Note that we only use $\forall$ states, so this TM is in $\conp$.

We show correctness by first observing that we could either 1) reject a {\em good } sequence, or 2) accept a non-{\em good} sequence.
It is easy to see that we will accept all {\em good} sequences.

Now we show that we will reject all non-{\em good} sequences. Observe that sequences can fail to be {\em good} in two ways:
\begin{enumerate}
\item   A sequence might cause $A$ to reject an otherwise 
satisfiable formula.   In this case, at step (3), the boolean
variable $a$ will be $false$.  If $\phi$ is trivial, then we
will evaluate it and notice that it in fact is $\in SAT$.  Therefore,
our machine will reject the sequence.  

If $\phi$ is not trivial,
then we will compute $a_i$ in step (6).  Observe that since the sequence
$(g_1,...,g_l)$ is a bad sequence, then there is some minimal length 
satisfiable formula $\phi_min$ on which $(g_1,...,g_l)$ convinces 
$A$ to reject.   We can assume that our $\forall$ states will find 
this $\theta$.  However,  since $\phi_{min_0},\phi_{min_1}$ are smaller formulas, 
then $(g_1,...,g_l)$ will offer the correct advice on these strings.
In particular, since $\phi_min$ was satisfiable, either $a_0=\true$ or
$a_1=\true$.  Therefore, our machine will reject in step (7).

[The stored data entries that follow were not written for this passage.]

theorem theorem2:
  fixes h :: "real \<Rightarrow> real" and \<alpha> \<beta> :: "real \<Rightarrow> real"
    and eps k l :: real and n :: nat
    and u S :: "'d list \<Rightarrow> 'r \<Rightarrow> real" and rs :: "'r list"
  assumes "prob_density h"
    and "\<forall>t>0. \<alpha> t > 0" and "\<forall>t>0. \<beta> t > 0"
    and "admissible \<alpha> \<beta> h"
    and "eps > 0" and "k > 0" and "l > 0"
    and "distinct rs" and "rs \<noteq> []"
    and "\<forall>x r. length x = n \<longrightarrow> r \<in> set rs \<longrightarrow> S x r > 0"
    and "smooth_upper_bound (\<beta> (l * eps)) n (set rs) u S"
  shows "differentially_private ((k + real (length rs) / 2 * l) * eps) n
           (sps_prob h u S rs (\<alpha> (k * eps)))"
proof -
  have eps: "0 < k * eps" "0 < l * eps"
    using assms(5-7) by simp_all
  have \<alpha>: "0 < \<alpha> (k * eps)" "0 < \<alpha> (l * eps)" and \<beta>: "0 < \<beta> (k * eps)"
    using assms(2,3) eps by simp_all
  have "exp (k * eps / 2) ^ 2 = exp (k * eps)"
    by (simp add: power2_eq_square mult_exp_exp)
  moreover have "exp (l * eps / 2) ^ card (set rs) = exp (real (length rs) * (l * eps / 2))"
    using assms(8) by (simp add: distinct_card exp_of_nat_mult[symmetric])
  ultimately have privacy_loss: "exp (k * eps / 2) ^ 2 * exp (l * eps / 2) ^ card (set rs)
      = exp ((k + real (length rs) / 2 * l) * eps)"
    by (simp add: mult_exp_exp algebra_simps)
  show ?thesis
    unfolding differentially_private_def privacy_loss[symmetric] using assms(10)
    by (intro allI impI sps_prob_neighboring_le[OF assms(1,9) \<alpha>(1) _ assms(11)]
        admissible_shift[OF assms(4) eps(1) less_imp_le[OF \<beta>]]
        admissible_scale[OF assms(4) eps(2) less_imp_le[OF \<alpha>(2)]]) (simp_all add: \<alpha>(1) less_imp_le)
qed

end
theorem mainTheorem5:
  shows "\<exists>C::real. \<forall>(n::nat) (v0::nat \<Rightarrow> real) (\<tau>::real) (\<epsilon>::real)
            (A::nat \<Rightarrow> nat \<Rightarrow> nat \<Rightarrow> real) (v'::nat \<times> nat \<Rightarrow> real).
     let I = {..<n}; J = I \<times> I;
         T = (\<lambda>i j k. \<tau> * v0 i * v0 j * v0 k + A i j k);
         M = (\<lambda>p q. slice_kron_sum n T p q - nwwT n p q)
     in unitv I v0 \<longrightarrow> \<tau> > 0 \<longrightarrow> \<epsilon> \<ge> 0 \<longrightarrow>
        opnorm J (\<lambda>p q. slice_kron_sum n A p q - nwwT n p q) \<le> \<epsilon> * \<tau>^2 \<longrightarrow>
        opnorm I (\<lambda>j k. \<Sum>i\<in>I. v0 i * A i j k) \<le> \<epsilon> * \<tau> \<longrightarrow>
        (top_left_sv J M v' \<or> top_right_sv J M v') \<longrightarrow>
        (\<Sum>p\<in>J. v' p * (v0 (fst p) * v0 (snd p)))^2 \<ge> 1 - C * \<epsilon>"
  unfolding Let_def
  using power2_ge_of_abs_ge_one_minus[OF spiked_tensor_top_sv_alignment]
  by (intro exI[of _ 12] allI impI) simp

end
text \<open>Fix \<open>a\<close> with \<open>A < a < 1\<close>, so that \<open>E[X\<^sub>t] \<le> a\<^sup>t\<close> for \<open>t \<ge> T\<close>. Since \<open>\<tau>\<^sub>\<epsilon> > t + 1\<close>
  forces \<open>X\<^sub>t\<^sub>+\<^sub>1 \<ge> \<epsilon>\<close>, Markov's inequality gives \<open>P(\<tau>\<^sub>\<epsilon> > t + 1) \<le> min 1 (a\<^sup>t / \<epsilon>)\<close>,
  and summing over \<open>t\<close> yields \<open>E[\<tau>\<^sub>\<epsilon>] \<le> ln \<epsilon> / ln a + O(1)\<close>: the bound \<open>1\<close> is used for
  the first \<open>T + \<lceil>ln \<epsilon> / ln a\<rceil>\<close> terms and the rest is a geometric series. Hence the
  limsup is at most \<open>-1 / ln a\<close>, and letting \<open>a\<close> decrease to \<open>A\<close> gives the theorem.\<close>

lemma power_nat_ceiling_log_le:
  fixes a \<epsilon> :: real
  assumes "0 < a" "a < 1" "0 < \<epsilon>"
  shows "a ^ nat \<lceil>ln \<epsilon> / ln a\<rceil> \<le> \<epsilon>"
proof -
  have "ln \<epsilon> / ln a \<le> real (nat \<lceil>ln \<epsilon> / ln a\<rceil>)" by linarith
  then have "real (nat \<lceil>ln \<epsilon> / ln a\<rceil>) * ln a \<le> ln \<epsilon>"
    using assms by (simp add: divide_le_eq mult.commute)
  then have "ln (a ^ nat \<lceil>ln \<epsilon> / ln a\<rceil>) \<le> ln \<epsilon>"
    using assms by (simp add: ln_realpow)
  then show ?thesis
    using assms by simp
qed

\item  The sequence might convince $A$ to accept a formula that is
not satisfiable.  At step (3), the boolean variable $a$ will be set
to $true$.  Like before, the base case in (4) will reject the sequence 
immediately if $\phi$ evaluates to false.

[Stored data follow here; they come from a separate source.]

definition reachable :: "mgraph \<Rightarrow> nat \<Rightarrow> nat \<Rightarrow> bool" where
  "reachable G a b \<longleftrightarrow> (\<exists>n. walk G a b n)"

definition subgraph :: "mgraph \<Rightarrow> mgraph \<Rightarrow> bool" where
  "subgraph G H \<longleftrightarrow> verts G \<subseteq> verts H \<and> edges G \<subseteq> edges H \<and> (\<forall>g\<in>edges G. inc G g = inc H g)"

definition del_edges :: "mgraph \<Rightarrow> nat set \<Rightarrow> mgraph" where
  "del_edges G F = G\<lparr>edges := edges G - F\<rparr>"

lemma del_edges_simps [simp]:
  "verts (del_edges G F) = verts G" "edges (del_edges G F) = edges G - F" "inc (del_edges G F) = inc G"
  unfolding del_edges_def by simp_all

lemma walk_verts: "walk G a b n \<Longrightarrow> a \<in> verts G \<and> b \<in> verts G"
  by (induction rule: walk.induct) auto

lemma walk_append: "walk G a b m \<Longrightarrow> walk G b c n \<Longrightarrow> walk G a c (m + n)"
  by (induction rule: walk.induct) (auto intro: walk.intros)

lemma walk_edge: "g \<in> edges G \<Longrightarrow> inc G g = {a, c} \<Longrightarrow> a \<in> verts G \<Longrightarrow> c \<in> verts G \<Longrightarrow> walk G a c 1"
  using walk_step[OF _ _ _ walk_refl] by (metis One_nat_def)

lemma walk_sym: "walk G a b n \<Longrightarrow> walk G b a n"
proof (induction rule: walk.induct)
  case (walk_refl a)
  then show ?case by (rule walk.walk_refl)
next
  case (walk_step a g c b n)
  have "walk G c a 1"
    using walk_step walk_edge[of g G c a] walk_verts[OF walk_step(4)] by (auto simp: insert_commute)
  from walk_append[OF walk_step.IH this] show ?case by simp
qed

lemma walk_subgraph: "walk G a b n \<Longrightarrow> subgraph G H \<Longrightarrow> walk H a b n"
  unfolding subgraph_def by (induction rule: walk.induct) (auto intro: walk.intros)

lemma reachable_refl: "a \<in> verts G \<Longrightarrow> reachable G a a"
  unfolding reachable_def by (auto intro: walk_refl)

lemma reachable_sym: "reachable G a b \<Longrightarrow> reachable G b a"
  unfolding reachable_def by (auto intro: walk_sym)

lemma reachable_trans: "reachable G a b \<Longrightarrow> reachable G b c \<Longrightarrow> reachable G a c"
  unfolding reachable_def by (auto intro: walk_append)

lemma reachable_verts: "reachable G a b \<Longrightarrow> a \<in> verts G \<and> b \<in> verts G"
  unfolding reachable_def using walk_verts by blast

lemma reachable_edge:
  "g \<in> edges G \<Longrightarrow> inc G g = {a, c} \<Longrightarrow> a \<in> verts G \<Longrightarrow> c \<in> verts G \<Longrightarrow> reachable G a c"
  unfolding reachable_def using walk_edge by blast

lemma reachable_subgraph: "reachable G a b \<Longrightarrow> subgraph G H \<Longrightarrow> reachable H a b"
  unfolding reachable_def using walk_subgraph by blast

lemma subgraph_del_edges: "subgraph (del_edges G F) G"
  unfolding subgraph_def by auto

lemma walk_del_edge_cases:
  assumes "walk G a b n"
  shows "reachable (del_edges G {e}) a b \<or>
    (\<exists>x y. inc G e = {x, y} \<and> reachable (del_edges G {e}) a x \<and> reachable (del_edges G {e}) y b)"
  using assms
proof (induction rule: walk.induct)
  case (walk_refl a)
  then show ?case by (auto intro: reachable_refl)
next
  case (walk_step a g c b n)
  let ?D = "del_edges G {e}"
  have a: "a \<in> verts ?D" and c: "c \<in> verts ?D" using walk_step walk_verts by auto
  show ?case
  proof (cases "g = e")
    case False
    then have "reachable ?D a c" using reachable_edge[of g ?D a c] walk_step a c by simp
    then show ?thesis using walk_step.IH reachable_trans by blast
  next
    case True
    then have ie: "inc G e = {a, c}" using walk_step by simp
    from walk_step.IH show ?thesis
    proof (elim disjE exE conjE)
      assume "reachable ?D c b"
      then show ?thesis using ie reachable_refl[OF a] by blast
    next
      fix x y assume xy: "inc G e = {x, y}" "reachable ?D c x" "reachable ?D y b"
      show ?thesis
      proof (cases "y = a")
        case True
        then show ?thesis using xy by blast
      next
        case False
        then have "y = c" using xy(1) ie by blast
        then show ?thesis using ie reachable_refl[OF a] xy(3) by blast
      qed
    qed
  qed
qed

lemma path_tl: "is_path G (x # y # vr) (g # r) \<Longrightarrow> is_path G (y # vr) r"
  unfolding is_path_def by (auto simp: nth_Cons_Suc)

lemma path_walk: "is_path G vs es \<Longrightarrow> walk G (hd vs) (last vs) (length es)"
proof (induction es arbitrary: vs)
  case Nil
  then obtain a where "vs = [a]" unfolding is_path_def by (cases vs) auto
  then show ?case using Nil by (auto simp: is_path_def intro: walk_refl)
next
  case (Cons g es)
  then obtain a c vr where vs: "vs = a # c # vr" unfolding is_path_def
    by (cases vs; cases "tl vs") auto
  have "is_path G (c # vr) es" using Cons.prems vs path_tl by blast
  moreover have "g \<in> edges G" "inc G g = {a, c}" "a \<in> verts G"
    using Cons.prems unfolding is_path_def vs by force+
  ultimately show ?case using Cons.IH[of "c # vr"] vs by (auto intro: walk_step)
qed

lemma path_reachable: "is_path G vs es \<Longrightarrow> reachable G (hd vs) (last vs)"
  using path_walk reachable_def by blast

lemma path_take: "is_path G vs es \<Longrightarrow> k < length vs \<Longrightarrow> is_path G (take (Suc k) vs) (take k es)"
  unfolding is_path_def by (auto dest: in_set_takeD simp: min_def)

lemma path_drop: "is_path G vs es \<Longrightarrow> k < length vs \<Longrightarrow> is_path G (drop k vs) (drop k es)"
  unfolding is_path_def
  by (auto dest: in_set_dropD simp: add.commute[of k] add_Suc_right[symmetric] simp del: add_Suc_right)

lemma path_Cons:
  "is_path G vs es \<Longrightarrow> a \<in> verts G \<Longrightarrow> a \<notin> set vs \<Longrightarrow> g \<in> edges G \<Longrightarrow> inc G g = {a, hd vs} \<Longrightarrow>
    is_path G (a # vs) (g # es)"
  unfolding is_path_def by (auto simp: nth_Cons' hd_conv_nth)

lemma path_snoc:
  "is_path G vs es \<Longrightarrow> b \<in> verts G \<Longrightarrow> b \<notin> set vs \<Longrightarrow> g \<in> edges G \<Longrightarrow> inc G g = {last vs, b} \<Longrightarrow>
    is_path G (vs @ [b]) (es @ [g])"
  unfolding is_path_def by (auto simp: nth_append last_conv_nth less_Suc_eq)

lemma path_nth_neq: "is_path G vs es \<Longrightarrow> i < length es \<Longrightarrow> vs ! i \<noteq> vs ! Suc i"
  unfolding is_path_def by (simp add: nth_eq_iff_index_eq)

lemma walk_imp_path:
  "walk G a b n \<Longrightarrow> \<exists>vs es. is_path G vs es \<and> hd vs = a \<and> last vs = b \<and> length es \<le> n"
proof (induction rule: walk.induct)
  case (walk_refl a)
  then show ?case by (intro exI[of _ "[a]"] exI[of _ "[]"]) (auto simp: is_path_def)
next
  case (walk_step a g c b n)
  then obtain vs es where p: "is_path G vs es" "hd vs = c" "last vs = b" "length es \<le> n" by blast
  show ?case
  proof (cases "a \<in> set vs")
    case False
    then have "is_path G (a # vs) (g # es)" using path_Cons[OF p(1)] walk_step p(2) by simp
    moreover have "last (a # vs) = b" "length (g # es) \<le> Suc n"
      using p is_path_def by auto
    ultimately show ?thesis by force
  next
    case True
    then obtain k where k: "k < length vs" "vs ! k = a" by (auto simp: in_set_conv_nth)
    then show ?thesis using path_drop[OF p(1) k(1)] p
      by (intro exI[of _ "drop k vs"] exI[of _ "drop k es"]) (auto simp: hd_drop_conv_nth)
  qed
qed

lemma path_distinct_edges: "is_path G vs es \<Longrightarrow> distinct es"
  unfolding distinct_conv_nth
proof (intro allI impI)
  fix i j assume p: "is_path G vs es" and ij: "i < length es" "j < length es" "i \<noteq> j"
  then have "inc G (es ! i) = {vs ! i, vs ! Suc i}" "inc G (es ! j) = {vs ! j, vs ! Suc j}"
    "distinct vs" "length vs = length es + 1"
    unfolding is_path_def by auto
  then show "es ! i \<noteq> es ! j" using ij by (auto simp: doubleton_eq_iff nth_eq_iff_index_eq)
qed

lemma path_del_edges_iff: "is_path (del_edges G F) vs es \<longleftrightarrow> is_path G vs es \<and> set es \<inter> F = {}"
  unfolding is_path_def by (auto simp: in_set_conv_nth disjoint_iff)

lemma path_length: "is_path G vs es \<Longrightarrow> length vs = length es + 1"
  unfolding is_path_def by simp

lemma path_walk_prefix: "is_path G vs es \<Longrightarrow> k < length vs \<Longrightarrow> walk G (hd vs) (vs ! k) k"
proof -
  assume p: "is_path G vs es" and k: "k < length vs"
  then have "hd (take (Suc k) vs) = hd vs" "last (take (Suc k) vs) = vs ! k"
    by (cases vs, simp_all) (simp add: take_Suc_conv_app_nth)
  then show ?thesis using path_walk[OF path_take[OF p k]] k p by (simp add: is_path_def)
qed

lemma path_walk_suffix:
  "is_path G vs es \<Longrightarrow> k < length vs \<Longrightarrow> walk G (vs ! k) (last vs) (length es - k)"
proof -
  assume p: "is_path G vs es" and k: "k < length vs"
  then have "hd (drop k vs) = vs ! k" "last (drop k vs) = last vs" by (simp_all add: hd_drop_conv_nth)
  then show ?thesis using path_walk[OF path_drop[OF p k]] by simp
qed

Otherwise, we will compute $a_i$ as before.  The same argument about
minimal $\phi_min$ applies in this case.  There is some minimal
length unsatisfiable formula $\phi_min$ on which $(g_1,...,g_l)$ convinces 
$A$ to accept.  Since $\phi_{min_i}$ are smaller formulas, then the
sequence will advise $A$ to reject both of them since neither are satisfiable.
Hence, our machine will reject in step (7).
\end{enumerate}

The key idea is to understand that if the sequence {\em ever} deceives
us, then there must be some minimal length formula on which it deceives
us.  Our $\forall$ states are guaranteed to find this minimal length case.
By using self-reduction, this minimal length case can be transformed into
two smaller questions on which the sequence must act correctly.  In this
way, we can detect the deception and reject.  Remember that one rejecting
branch of a $\conp$ computation tree suffices to reject altogether.

\end{proof}

Now we return to our original goal, proving the theorem of Karp, Lipton , and Sipser.  To refresh our memory, we restate the theorem.

\begin{theorem}[Karp, Lipton, Sipser]If $\np \subset \mbox{P/poly}$, then $\Sigma_3 P \equiv \Sigma_2 P$ (PH collapses)
\end{theorem}

\begin{proof}
We have already shown that $SAT \in \ppoly$ and that $\good \in \conp$.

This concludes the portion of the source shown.